One important issue with previous research on this topic is that most studies include convenience samples of college students as controls that are younger than most of the patients with OSA. In these versions [9, 13], the mean age of the control group is higher (about 10 years higher), being more similar to our control sample. Another important confounder in these samples of college students is that the need for sleep may vary depending on the time of school year. During exam periods, students have less sleeping hours, which may increase the propensity to fall asleep during some of the situations described in these measures.

The internal consistency of the total scale, estimated through the Cronbach’s alpha, suggests minimal adequacy of the scale according to Nunnaly [45]. In addition, the Cronbach’s alpha coefficient found in our study is in the range of values found for clinical and control samples [9, 11, 13, 18, 20, 22, 27].
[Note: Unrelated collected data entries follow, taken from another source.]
(* Let $\gamma$ be an even probability density on $\mathbb{R}$ which is positive in a neighbourhood of the origin, and let $\mathcal{P}^n_\gamma$ be the associated sub-spherical family on $\mathbb{R}^n$. Let $x\mapsto Qx:\mathbb{R}^n\to\mathbb{R}^m$ be a linear mapping which is onto and satisfies $QQ^T\preceq I_m$. Then whenever $p\in\mathcal{P}^n_\gamma$, the distribution of the random vector $Q\xi$, $\xi\sim p$, belongs to $\mathcal{P}^m_\gamma$. Moreover, if $QQ^T=I_m$ and $\mathcal{P}^n_\gamma$ has a cap $q$, then $\mathcal{P}^m_\gamma$ has a cap as well, namely the density of the random vector $Q\xi$, $\xi\sim q$.
   Context: For an even probability density $\gamma$ on $\mathbb{R}$ positive in a neighbourhood of $0$, set $P_\gamma(\delta)=\int_\delta^\infty\gamma(s)\,ds$. The sub-spherical family $\mathcal{P}^n_\gamma$ is the set of all probability densities $p$ on $\mathbb{R}^n$ (w.r.t. Lebesgue measure) such that $p$ is even ($p(-\xi)=p(\xi)$) and for every unit vector $e\in\mathbb{R}^n$ ($\|e\|_2=1$) and every $\delta\ge 0$, $\int_{\{\xi:e^T\xi\ge\delta\}}p(\xi)\,d\xi\le P_\gamma(\delta)$. A cap of $\mathcal{P}^n_\gamma$ is a density $q\in\mathcal{P}^n_\gamma$ of the form $q(\xi)=f(\|\xi\|_2)$ with $f$ nonincreasing on $[0,\infty)$, such that for every unit vector $e$ the density of the scalar random variable $e^T\xi$, $\xi\sim q$, is exactly $\gamma$. $A\preceq B$ means $B-A$ is positive semidefinite. *)

theory Defs
  imports "HOL-Analysis.Analysis"
begin

definition admissible_gamma :: "(real \<Rightarrow> real) \<Rightarrow> bool" where
  "admissible_gamma \<gamma> \<longleftrightarrow>
     \<gamma> \<in> borel_measurable lborel \<and> (\<forall>s. 0 \<le> \<gamma> s) \<and>
     (\<integral>\<^sup>+ s. ennreal (\<gamma> s) \<partial>lborel) = 1 \<and>
     (\<forall>s. \<gamma> (- s) = \<gamma> s) \<and>
     (\<exists>\<epsilon>>0. \<forall>s. \<bar>s\<bar> < \<epsilon> \<longrightarrow> 0 < \<gamma> s)"

definition tailP :: "(real \<Rightarrow> real) \<Rightarrow> real \<Rightarrow> real" where
  "tailP \<gamma> \<delta> = (\<integral>s\<in>{\<delta>..}. \<gamma> s \<partial>lborel)"

definition prob_density :: "('a::euclidean_space \<Rightarrow> real) \<Rightarrow> bool" where
  "prob_density p \<longleftrightarrow> p \<in> borel_measurable lborel \<and> (\<forall>x. 0 \<le> p x) \<and>
     (\<integral>\<^sup>+ x. ennreal (p x) \<partial>lborel) = 1"

definition dens_measure :: "('a::euclidean_space \<Rightarrow> real) \<Rightarrow> 'a measure" where
  "dens_measure p = density lborel (\<lambda>x. ennreal (p x))"

definition subspherical :: "(real \<Rightarrow> real) \<Rightarrow> (real^'n \<Rightarrow> real) set" where
  "subspherical \<gamma> = {p. prob_density p \<and> (\<forall>\<xi>. p (- \<xi>) = p \<xi>) \<and>
     (\<forall>e \<delta>. norm e = 1 \<longrightarrow> 0 \<le> \<delta> \<longrightarrow>
        measure (dens_measure p) {\<xi>. e \<bullet> \<xi> \<ge> \<delta>} \<le> tailP \<gamma> \<delta>)}"

definition is_cap :: "(real \<Rightarrow> real) \<Rightarrow> (real^'n \<Rightarrow> real) \<Rightarrow> bool" where
  "is_cap \<gamma> q \<longleftrightarrow> q \<in> subspherical \<gamma> \<and>
     (\<exists>f::real \<Rightarrow> real. (\<forall>\<xi>. q \<xi> = f (norm \<xi>)) \<and>
        (\<forall>s t. 0 \<le> s \<longrightarrow> s \<le> t \<longrightarrow> f t \<le> f s)) \<and>
     (\<forall>e. norm e = 1 \<longrightarrow> distr (dens_measure q) lborel (\<lambda>\<xi>. e \<bullet> \<xi>) = dens_measure \<gamma>)"

definition loewner_le :: "real^'m^'m \<Rightarrow> real^'m^'m \<Rightarrow> bool" where
  "loewner_le A B \<longleftrightarrow> (\<forall>x. 0 \<le> x \<bullet> ((B - A) *v x))"

end

theory Submission
  imports Defs
begin

(* A half-space {y. delta <= e . y} of R^m pulls back under Q to the half-space
   {x. delta <= v . x} with v = Q^T e, and Q Q^T <= I together with surjectivity of Q gives
   0 < |v| <= 1, so its mass is at most P_gamma(delta / |v|) <= P_gamma(delta). Surjectivity also
   makes the image measure absolutely continuous; its Radon-Nikodym density, averaged with its
   reflection, is an even member of the family.

   If Q Q^T = I and q(xi) = f(|xi|), the image density at y is an integral of
   f(sqrt(|y|^2 + |w|^2)) over the component w of x in the kernel of Q, hence radial and
   nonincreasing in |y|; its one-dimensional marginals are those of q because
   e . Q x = (Q^T e) . x and |Q^T e| = |e|. It is finite for y <> 0 by integrability and
   monotonicity, and at y = 0 by comparison with its value at a unit vector. *)

lemma matrix_vector_mult_borel_measurable[measurable]:
  "(\<lambda>x. (A::real^'n^'m) *v x) \<in> borel_measurable borel"
  by (intro borel_measurable_continuous_onI matrix_vector_mult_linear_continuous_on)

lemma matrix_vector_mult_borel_measurable_comp[measurable (raw)]:
  "f \<in> borel_measurable M \<Longrightarrow> (\<lambda>x. (A::real^'n^'m) *v f x) \<in> borel_measurable M"
  using measurable_compose[OF _ matrix_vector_mult_borel_measurable] by blast

lemma vector_matrix_mult_borel_measurable_comp[measurable (raw)]:
  "f \<in> borel_measurable M \<Longrightarrow> (\<lambda>x. f x v* (A::real^'n^'m)) \<in> borel_measurable M"
  using matrix_vector_mult_borel_measurable_comp[of f M "transpose A"] by simp

lemma nn_integral_lborel_affine:
  fixes t :: "'a::euclidean_space" and c :: real and f :: "'a \<Rightarrow> ennreal"
  assumes [measurable]: "f \<in> borel_measurable borel" and c: "c \<noteq> 0"
  shows "(\<integral>\<^sup>+x. f x \<partial>lborel) = ennreal (\<bar>c\<bar> ^ DIM('a)) * (\<integral>\<^sup>+x. f (t + c *\<^sub>R x) \<partial>lborel)"
  by (subst lborel_affine[OF c, of t]) (simp add: nn_integral_density nn_integral_distr nn_integral_cmult)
The RM analysis suggests that the standard version of the scale with four-category system is consistent with the guidelines [41], and the data fit the Rasch model fairly well. Consistent with previous reports [32, 33], no items with high misfit were found through the RM, which also supported the unidimensionality of the ESS.

Overall results from the CMT and RM showed adequate structural, internal, and criterion-related validity of the ESS, and reliability as well, suggesting this as a useful and effective measure for assessing sleepiness in Portuguese adults.